text \<open>The reflection point is found by the intermediate value theorem: the function g below is the
  sum of the sines of the angles that the rays towards \<theta> and \<eta> make with the normal at P t, and it
  changes sign between the feet t0 and t1 of the normals through \<theta> and \<eta>.\<close>

lemma circle_reflection_point:
  fixes c \<theta> \<eta> :: complex and \<rho> :: real
  defines "P \<equiv> \<lambda>t. c + complex_of_real \<rho> * cis t"
  assumes \<rho>: "\<rho> > 0"
    and \<theta>: "\<theta> - c = complex_of_real (cmod (\<theta> - c)) * cis t0"
    and \<eta>: "\<eta> - c = complex_of_real (cmod (\<eta> - c)) * cis t1"
    and front: "\<And>t. t \<in> {min t0 t1..max t0 t1} \<Longrightarrow>
       (\<theta> - P t) \<bullet> (P t - c) > 0 \<and> (\<eta> - P t) \<bullet> (P t - c) > 0"
  shows "\<exists>t\<in>{min t0 t1..max t0 t1}.
     specular (P t - c) (P t - \<theta>) (\<eta> - P t) \<and> specular (P t - c) (P t - \<eta>) (\<theta> - P t)"
proof -
  define g where "g = (\<lambda>t. Im (cnj (cis t) * (\<eta> - P t)) / cmod (\<eta> - P t)
                         + Im (cnj (cis t) * (\<theta> - P t)) / cmod (\<theta> - P t))"
  have rot: "Im (cnj (cis t) * (complex_of_real R * cis s - complex_of_real q * cis t)) = R * sin (s - t)"
    for t R s q
    by (simp add: sin_diff algebra_simps)
  have "\<eta> - P t \<noteq> 0 \<and> \<theta> - P t \<noteq> 0" if "t \<in> {min t0 t1..max t0 t1}" for t
    using front[OF that] by auto
  then have "continuous_on {min t0 t1..max t0 t1} g"
    unfolding g_def P_def by (intro continuous_intros) auto
  moreover have "g t0 * g t1 \<le> 0"
  proof -
    have "\<eta> - P t0 = complex_of_real (cmod (\<eta> - c)) * cis t1 - complex_of_real \<rho> * cis t0"
      "\<theta> - P t0 = complex_of_real (cmod (\<theta> - c)) * cis t0 - complex_of_real \<rho> * cis t0"
      "\<theta> - P t1 = complex_of_real (cmod (\<theta> - c)) * cis t0 - complex_of_real \<rho> * cis t1"
      "\<eta> - P t1 = complex_of_real (cmod (\<eta> - c)) * cis t1 - complex_of_real \<rho> * cis t1"
      using \<theta> \<eta> by (simp_all add: P_def algebra_simps)
    then have "Im (cnj (cis t0) * (\<eta> - P t0)) = cmod (\<eta> - c) * sin (t1 - t0)"
      "Im (cnj (cis t0) * (\<theta> - P t0)) = 0"
      "Im (cnj (cis t1) * (\<theta> - P t1)) = - (cmod (\<theta> - c) * sin (t1 - t0))"
      "Im (cnj (cis t1) * (\<eta> - P t1)) = 0"
      by (simp_all only: rot) (simp_all add: sin_diff algebra_simps)
    then have "g t0 * g t1 = - (cmod (\<eta> - c) * cmod (\<theta> - c) / (cmod (\<eta> - P t0) * cmod (\<theta> - P t1)))
        * (sin (t1 - t0))\<^sup>2"
      by (simp add: g_def power2_eq_square)
    also have "\<dots> \<le> 0" by (intro mult_nonpos_nonneg) auto
    finally show ?thesis .
  qed
  ultimately obtain t where t: "t \<in> {min t0 t1..max t0 t1}" "g t = 0"
    using IVT_product_nonpos by blast
  have n: "P t - c = \<rho> *\<^sub>R cis t" by (simp add: P_def scaleR_conv_of_real)
  have pos: "(\<theta> - P t) \<bullet> cis t > 0" "(\<eta> - P t) \<bullet> cis t > 0"
    using front[OF t(1)] \<rho> unfolding n by (simp_all add: zero_less_mult_iff)
  have "specular (P t - c) (P t - \<theta>) (\<eta> - P t) \<and> specular (P t - c) (P t - \<eta>) (\<theta> - P t)"
    using specular_of_equal_angles[of "cis t" \<rho> "\<theta> - P t" "\<eta> - P t"]
      specular_of_equal_angles[of "cis t" \<rho> "\<eta> - P t" "\<theta> - P t"] t(2) \<rho> pos
    unfolding n g_def by (auto simp: add.commute)
  then show ?thesis using t(1) by blast
qed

************

▶ _Description of the task_
Print out all the entries above exactly.

▶ _Task answer_
text \<open>The reflection point is found by the intermediate value theorem: the function g below is the
  sum of the sines of the angles that the rays towards \<theta> and \<eta> make with the normal at P t, and it
  changes sign between the feet t0 and t1 of the normals through \<theta> and \<eta>.\<close>

lemma circle_reflection_point:
  fixes c \<theta> \<eta> :: complex and \<rho> :: real
  defines "P \<equiv> \<lambda>t. c + complex_of_real \<rho> * cis t"
  assumes \<rho>: "\<rho> > 0"
    and \<theta>: "\<theta> - c = complex_of_real (cmod (\<theta> - c)) * cis t0"
    and \<eta>: "\<eta> - c = complex_of_real (cmod (\<eta> - c)) * cis t1"
    and front: "\<And>t. t \<in> {min t0 t1..max t0 t1} \<Longrightarrow>
       (\<theta> - P t) \<bullet> (P t - c) > 0 \<and> (\<eta> - P t) \<bullet> (P t - c) > 0"
  shows "\<exists>t\<in>{min t0 t1..max t0 t1}.
     specular (P t - c) (P t - \<theta>) (\<eta> - P t) \<and> specular (P t - c) (P t - \<eta>) (\<theta> - P t)"
proof -
  define g where "g = (\<lambda>t. Im (cnj (cis t) * (\<eta> - P t)) / cmod (\<eta> - P t)
                         + Im (cnj (cis t) * (\<theta> - P t)) / cmod (\<theta> - P t))"
  have rot: "Im (cnj (cis t) * (complex_of_real R * cis s - complex_of_real q * cis t)) = R * sin (s - t)"
    for t R s q
    by (simp add: sin_diff algebra_simps)
  have "\<eta> - P t \<noteq> 0 \<and> \<theta> - P t \<noteq> 0" if "t \<in> {min t0 t1..max t0 t1}" for t
    using front[OF that] by auto
  then have "continuous_on {min t0 t1..max t0 t1} g"
    unfolding g_def P_def by (intro continuous_intros) auto
  moreover have "g t0 * g t1 \<le> 0"
  proof -
    have "\<eta> - P t0 = complex_of_real (cmod (\<eta> - c)) * cis t1 - complex_of_real \<rho> * cis t0"
      "\<theta> - P t0 = complex_of_real (cmod (\<theta> - c)) * cis t0 - complex_of_real \<rho> * cis t0"
      "\<theta> - P t1 = complex_of_real (cmod (\<theta> - c)) * cis t0 - complex_of_real \<rho> * cis t1"
      "\<eta> - P t1 = complex_of_real (cmod (\<eta> - c)) * cis t1 - complex_of_real \<rho> * cis t1"
      using \<theta> \<eta> by (simp_all add: P_def algebra_simps)
    then have "Im (cnj (cis t0) * (\<eta> - P t0)) = cmod (\<eta> - c) * sin (t1 - t0)"
      "Im (cnj (cis t0) * (\<theta> - P t0)) = 0"
      "Im (cnj (cis t1) * (\<theta> - P t1)) = - (cmod (\<theta> - c) * sin (t1 - t0))"
      "Im (cnj (cis t1) * (\<eta> - P t1)) = 0"
      by (simp_all only: rot) (simp_all add: sin_diff algebra_simps)
    then have "g t0 * g t1 = - (cmod (\<eta> - c) * cmod (\<theta> - c) / (cmod (\<eta> - P t0) * cmod (\<theta> - P t1)))
        * (sin (t1 - t0))\<^sup>2"
      by (simp add: g_def power2_eq_square)
    also have "\<dots> \<le> 0" by (intro mult_nonpos_nonneg) auto
    finally show ?thesis .
  qed
  ultimately obtain t where t: "t \<in> {min t0 t1..max t0 t1}" "g t = 0"
    using IVT_product_nonpos by blast
  have n: "P t - c = \<rho> *\<^sub>R cis t" by (simp add: P_def scaleR_conv_of_real)
  have pos: "(\<theta> - P t) \<bullet> cis t > 0" "(\<eta> - P t) \<bullet> cis t > 0"
    using front[OF t(1)] \<rho> unfolding n by (simp_all add: zero_less_mult_iff)
  have "specular (P t - c) (P t - \<theta>) (\<eta> - P t) \<and> specular (P t - c) (P t - \<eta>) (\<theta> - P t)"
    using specular_of_equal_angles[of "cis t" \<rho> "\<theta> - P t" "\<eta> - P t"]
      specular_of_equal_angles[of "cis t" \<rho> "\<eta> - P t" "\<theta> - P t"] t(2) \<rho> pos
    unfolding n g_def by (auto simp: add.commute)
  then show ?thesis using t(1) by blast
qed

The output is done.